Упоминание имени Джейн сразу изменило тональность происходящего. Сьюки замолчала с приоткрытым ртом, словно о чем-то внезапно задумавшись, а Кристофер уставился в винно-красный ковер и даже — кто бы мог подумать? — покраснел.
— Чай, — поспешила прервать молчание Александра, понимая, что она ответственна за этих двух детей. — Кристофер, обычный с кофеином — у нас есть «Липтон» и «Английский завтрак» — или травяной? У нас есть ромашковый, «Сладкие грезы» и зеленый «Добрая земля» с лимонником.
— Травяной я не пью, благодарю, — ответил он, — это слишком старомодно, и после двух не употребляю кофеина. Даже крохотный кусочек шоколада лишает меня сна на всю ночь.
— Значит, чай отменяется, — заключила Александра.
— А что еще у вас есть из напитков? — спросил Кристофер.
— Вино? — робко, неуверенно предложила Сьюки. — Бутылка откупорена, но она была закрыта плотной пробкой.
— Какого цвета? — спросил он. — Красное. Кьянти.
— Какой марки?
— Что-то калифорнийское. «Карло Росси».
— О Господи. Гигантская экономная расфасовка.
— Это Александра купила.
— Дамы, вы не слишком балуете себя, не так ли?
Александра вмешалась, обратившись к Сьюки так, словно этого мужчины рядом не было:
— Зачем ты стелешься перед этим молокососом? Мы его звали на чай — значит, будет чай. А если он такой привередливый, дай ему стакан воды.
— Капля скотча с водой будет еще лучше, — уступая, произнес Кристофер более легкомысленным голосом, которым, видимо, тоже пользовался на телевидении.
«Интересно, когда он играл в последний раз? — подумала Александра. — Какой жалкий „бывший“. А может, и „небывший“». Тем не менее вот он, в некотором роде гость. Его откровенно заявленное намерение убить их создавало между ними некую интимную связь.
— Я поищу, — подобострастно сказала Сьюки.
Пока из темной комнаты Джейн раздавались звуки выдвигаемых ящиков и открываемых шкафных дверей, Александра сочла себя обязанной поддержать разговор:
— Мы теперь много не пьем. Да, когда-то выпивали, в прошлой жизни, в той, в которой вы нас знали.
— Это было ужасно, — нагло сказал он, — слышать из-за стены, как ваша компания становилась все глупее и шумнее, а потом вообще начинала пронзительно вопить. Эти вопли и жуткий смех… Как я мог спать в такой обстановке?

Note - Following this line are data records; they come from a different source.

(* Let $d\ge1$, let $X$ be a lazy simple random walk on $\mathbb{Z}^d$ started at $0$, and let $(D_s)_{s\ge0}$ be subsets of $\mathbb{Z}^d$ symmetric about the origin, i.e. $D_s=-D_s$ for all $s$. If $\sigma$ is a reflection of $\mathbb{Z}^d$ (with specified half-spaces $H^+,H^-$), then for all $t\ge0$, \[ \mathbb{E}\Big[\mathrm{vol}\Big(\bigcup_{s=0}^t(X_s+D_s)\Big)\Big]\ \ge\ \mathbb{E}\Big[\mathrm{vol}\Big(\bigcup_{s=0}^t(X_s+D_s^\sigma)\Big)\Big]. \]
   Context: $\mathbb{Z}^d$ carries the nearest-neighbour graph ($\ell^1$) distance. A reflection of a metric space $(M,d)$ is an isometry $\sigma:M\to M$ together with a decomposition $M=H^0\sqcup H^+\sqcup H^-$ such that $\sigma^2x=x$ for all $x$, $H^0$ is the set of fixed points of $\sigma$, $\sigma H^+=H^-$, and $d(x,y)<d(x,\sigma y)$ for all $x,y\in H^+$. The two-point rearrangement $A^\sigma$ of $A\subseteq M$ is defined by $A^\sigma\cap H^+=(A\cup\sigma A)\cap H^+$, $A^\sigma\cap H^-=(A\cap\sigma A)\cap H^-$, $A^\sigma\cap H^0=A\cap H^0$. The lazy simple random walk stays put with probability $1/2$ and otherwise moves from $x$ to $x\pm e_i$, each with probability $1/(4d)$. $\mathrm{vol}(S)$ is the cardinality of $S$ and $x+S=\{x+y:y\in S\}$. *)

theory Defs
  imports "HOL-Probability.Probability"
begin

text \<open>The lattice Z^d is modelled as int ^ 'd for a finite index type 'd (d = CARD('d) \<ge> 1).\<close>

definition l1dist :: "int ^ 'd::finite \<Rightarrow> int ^ 'd \<Rightarrow> int" where
  "l1dist x y = (\<Sum>i\<in>UNIV. \<bar>x $ i - y $ i\<bar>)"

definition is_reflection ::
  "(int ^ 'd::finite \<Rightarrow> int ^ 'd) \<Rightarrow> (int ^ 'd) set \<Rightarrow> (int ^ 'd) set \<Rightarrow> (int ^ 'd) set \<Rightarrow> bool" where
  "is_reflection \<sigma> H0 Hp Hm \<longleftrightarrow>
     (\<forall>x y. l1dist (\<sigma> x) (\<sigma> y) = l1dist x y) \<and>
     (\<forall>x. \<sigma> (\<sigma> x) = x) \<and>
     H0 \<union> Hp \<union> Hm = UNIV \<and> H0 \<inter> Hp = {} \<and> H0 \<inter> Hm = {} \<and> Hp \<inter> Hm = {} \<and>
     H0 = {x. \<sigma> x = x} \<and>
     \<sigma> ` Hp = Hm \<and>
     (\<forall>x\<in>Hp. \<forall>y\<in>Hp. l1dist x y < l1dist x (\<sigma> y))"

definition two_point ::
  "(int ^ 'd::finite \<Rightarrow> int ^ 'd) \<Rightarrow> (int ^ 'd) set \<Rightarrow> (int ^ 'd) set \<Rightarrow> (int ^ 'd) set \<Rightarrow> (int ^ 'd) set \<Rightarrow> (int ^ 'd) set" where
  "two_point \<sigma> H0 Hp Hm A =
     ((A \<union> \<sigma> ` A) \<inter> Hp) \<union> ((A \<inter> \<sigma> ` A) \<inter> Hm) \<union> (A \<inter> H0)"

definition vol :: "'a set \<Rightarrow> ennreal" where
  "vol S = emeasure (count_space UNIV) S"

definition lazy_step :: "(int ^ 'd::finite) pmf" where
  "lazy_step = do {
     b \<leftarrow> bernoulli_pmf (1/2);
     if b then return_pmf 0 else do {
       i \<leftarrow> pmf_of_set (UNIV :: 'd set);
       sg \<leftarrow> pmf_of_set {1, -1 :: int};
       return_pmf (\<chi> j. if j = i then sg else 0)
     }
   }"

text \<open>Law of the path (X_0, ..., X_n) of the lazy SRW started at 0
  (values at times > n are 0 and irrelevant).\<close>
primrec lazy_walk :: "nat \<Rightarrow> (nat \<Rightarrow> int ^ 'd::finite) pmf" where
  "lazy_walk 0 = return_pmf (\<lambda>_. 0)"
| "lazy_walk (Suc n) = do {
     X \<leftarrow> lazy_walk n;
     y \<leftarrow> lazy_step;
     return_pmf (X (Suc n := X n + y))
   }"

end

theory Submission
  imports Defs
begin

text \<open>Writing \<open>vol\<close> as a sum over \<open>z\<close>, the claim compares the probabilities that \<open>z\<close> is
  not covered, \<open>E \<Prod>\<^sub>s 1[z - X\<^sub>s \<notin> D\<^sub>s]\<close>. Such an expectation is evaluated backwards in time:
  each step applies the transition operator of the walk and multiplies by the next indicator.
  The kernel of that operator is a nonincreasing function of the \<open>\<ell>\<^sup>1\<close> distance and is
  \<open>\<sigma>\<close>-invariant, so between the pairs \<open>{x, \<sigma> x}\<close> and \<open>{y, \<sigma> y}\<close> (\<open>x, y \<in> H\<^sup>-\<close>) it is a
  block \<open>[[a, b], [b, a]]\<close> with \<open>a \<ge> b\<close>. Call \<open>G\<close> dominating \<open>F\<close> if \<open>F \<le> G\<close> on \<open>H\<^sup>0\<close> and on
  every pair both values of \<open>F\<close> are below the larger value of \<open>G\<close> and the sum of \<open>F\<close> is below
  that of \<open>G\<close>. This relation survives such kernel blocks and multiplication of a 0/1 function
  against its two-point rearrangement, so the rearranged non-coverage probabilities dominate
  the original ones; summing \<open>1 - \<cdot>\<close> over \<open>z\<close> reverses the inequality.\<close>

section \<open>The step distribution\<close>

definition axis_vec :: "'d::finite \<Rightarrow> int \<Rightarrow> int ^ 'd" where
  "axis_vec i c = (\<chi> j. if j = i then c else 0)"

lemma lazy_step_axis_vec:
  "(lazy_step :: (int ^ 'd::finite) pmf) = bernoulli_pmf (1/2) \<bind> (\<lambda>b. if b then return_pmf 0 else
      pmf_of_set UNIV \<bind> (\<lambda>i. pmf_of_set {1, -1::int} \<bind> (\<lambda>c. return_pmf (axis_vec i c))))"
  unfolding lazy_step_def axis_vec_def ..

— Мне жаль — забота о вас не входила в нашу повестку дня. Но теперь… Нет, выпивка может оказаться ловушкой для вдов. А мы пытаемся продлить себе жизнь.
— Желаю удачи, — сказал он, искоса бросив на нее театрально долгий взгляд, словно позировал для крупного плана перед объективом с переменным фокусным расстоянием, между тем как за кадром, нарастая, вызывая дрожь, звучала органная музыка, символизирующая дурное предзнаменование.

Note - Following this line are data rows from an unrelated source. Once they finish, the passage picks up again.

lemma lipschitz_on_continuous_derivative:
  fixes f f' :: "real \<Rightarrow> real"
  assumes "\<And>x. x \<in> {a..b} \<Longrightarrow> (f has_real_derivative f' x) (at x within {a..b})"
    and "continuous_on {a..b} f'"
  obtains B where "B-lipschitz_on {a..b} f"
proof -
  obtain B where B: "\<And>x. x \<in> {a..b} \<Longrightarrow> \<bar>f' x\<bar> \<le> B"
    using compact_imp_bounded[OF compact_continuous_image[OF assms(2) compact_Icc]]
    unfolding bounded_iff by (metis imageI real_norm_def)
  have "\<bar>B\<bar>-lipschitz_on {a..b} f"
    by (rule lipschitz_on_real_derivative_bound) (auto intro: assms(1) order_trans[OF B abs_ge_self])
  then show thesis by (rule that)
qed

lemma horizontal_on_spiral_lift:
  fixes F F' \<phi> :: "real \<Rightarrow> real"
  assumes F: "\<And>t. 0 \<le> t \<Longrightarrow> (F has_real_derivative F' t) (at t within {0..})"
    and F'_cont: "continuous_on {0..T} F'"
    and \<phi>: "\<And>t. 0 < t \<Longrightarrow> t < T \<Longrightarrow> (\<phi> has_real_derivative 2 * F' t / t\<^sup>2) (at t)"
    and spiral: "A-lipschitz_on (ball 0 T) (spiral \<phi>)" and "s \<in> sphere 0 1"
  shows "horizontal_on {0..<T} (\<lambda>t. (Re (spiral \<phi> (of_real t * s)), Im (spiral \<phi> (of_real t * s)),
           F (cmod (spiral \<phi> (of_real t * s)))))"
proof -
  have "cmod s = 1" using \<open>s \<in> sphere 0 1\<close> by simp
  then have s: "s = cis (Arg s)" using rcis_cmod_Arg[of s] by (simp add: rcis_def)
  have ray: "A-lipschitz_on {0..<T} (\<lambda>t. spiral \<phi> (of_real t * s))"
  proof (rule lipschitz_onI)
    fix t u :: real assume "t \<in> {0..<T}" "u \<in> {0..<T}"
    moreover have "dist (of_real t * s) (of_real u * s) = dist t u"
      using \<open>cmod s = 1\<close> by (simp add: dist_norm norm_mult flip: left_diff_distrib of_real_diff)
    ultimately show "dist (spiral \<phi> (of_real t * s)) (spiral \<phi> (of_real u * s)) \<le> A * dist t u"
      using lipschitz_onD[OF spiral, of "of_real t * s" "of_real u * s"] \<open>cmod s = 1\<close>
      by (simp add: norm_mult)
  qed (rule lipschitz_on_nonneg[OF spiral])
  obtain B where "B-lipschitz_on {0..T} F"
    using lipschitz_on_continuous_derivative[OF DERIV_subset[OF F] F'_cont] by auto
  then have "B-lipschitz_on {0..<T} (\<lambda>t. F (cmod (spiral \<phi> (of_real t * s))))"
    by (rule lipschitz_on_transform[OF lipschitz_on_subset]) (auto simp: norm_mult \<open>cmod s = 1\<close>)
  note lipschitz = lipschitz_on_lift[OF ray this]
  have "horizontal_at (\<lambda>t. (Re (spiral \<phi> (of_real t * s)), Im (spiral \<phi> (of_real t * s)),
      F (cmod (spiral \<phi> (of_real t * s))))) t" if "0 < t" "t < T" for t
  proof -
    have "(F has_real_derivative F' t) (at t within {0..})"
      using F \<open>0 < t\<close> by simp
    moreover have "at t within {0..} = at t"
      using \<open>0 < t\<close> by (intro at_within_interior) auto
    ultimately have "horizontal_at (\<lambda>u. (u * cos (Arg s + \<phi> u), u * sin (Arg s + \<phi> u), F u)) t"
      using \<phi>[OF that] \<open>0 < t\<close>
      by (intro horizontal_at_polar_curve[where \<theta>' = "2 * F' t / t\<^sup>2"])
         (auto intro!: derivative_eq_intros)
    then show ?thesis
      by (rule horizontal_at_transform_within_open[where S = "{0<..}"])
         (use \<open>0 < t\<close> in \<open>auto simp: spiral_of_real_cis[where \<alpha> = "Arg s", folded s] norm_mult\<close>)
  qed
  then show ?thesis
    by (intro horizontal_onI[OF lipschitz, of "{0}"]) auto
qed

Раскрасневшаяся, оживленная и очаровательная Сьюки с победным видом вернулась в гостиную, неся бутылку скотча «Дьюарс» объемом в пинту.
— Нашла! Чертовка Джейн почти все выпила! И ни разу не предложила нам!
Отрывисто бормоча: «Лед? Вода? Сколько? Достаточно?» — Сьюки щедрой рукой смешала два скотча со льдом, между тем как Александра с неодобрительным видом упрямо налила себе чаю. Она выбрала «Сладкие грезы», понятия не имея, каков он на вкус. Оказалось — никакой. Это был вкус воды, слишком горячей, чтобы пить.
— Угощайтесь, — предложила она Кристоферу, протягивая блюдо с тщательно разложенными печеньями.
— О, что вы! Мучное и сладкое? Мне и так нужно сбросить фунтов десять.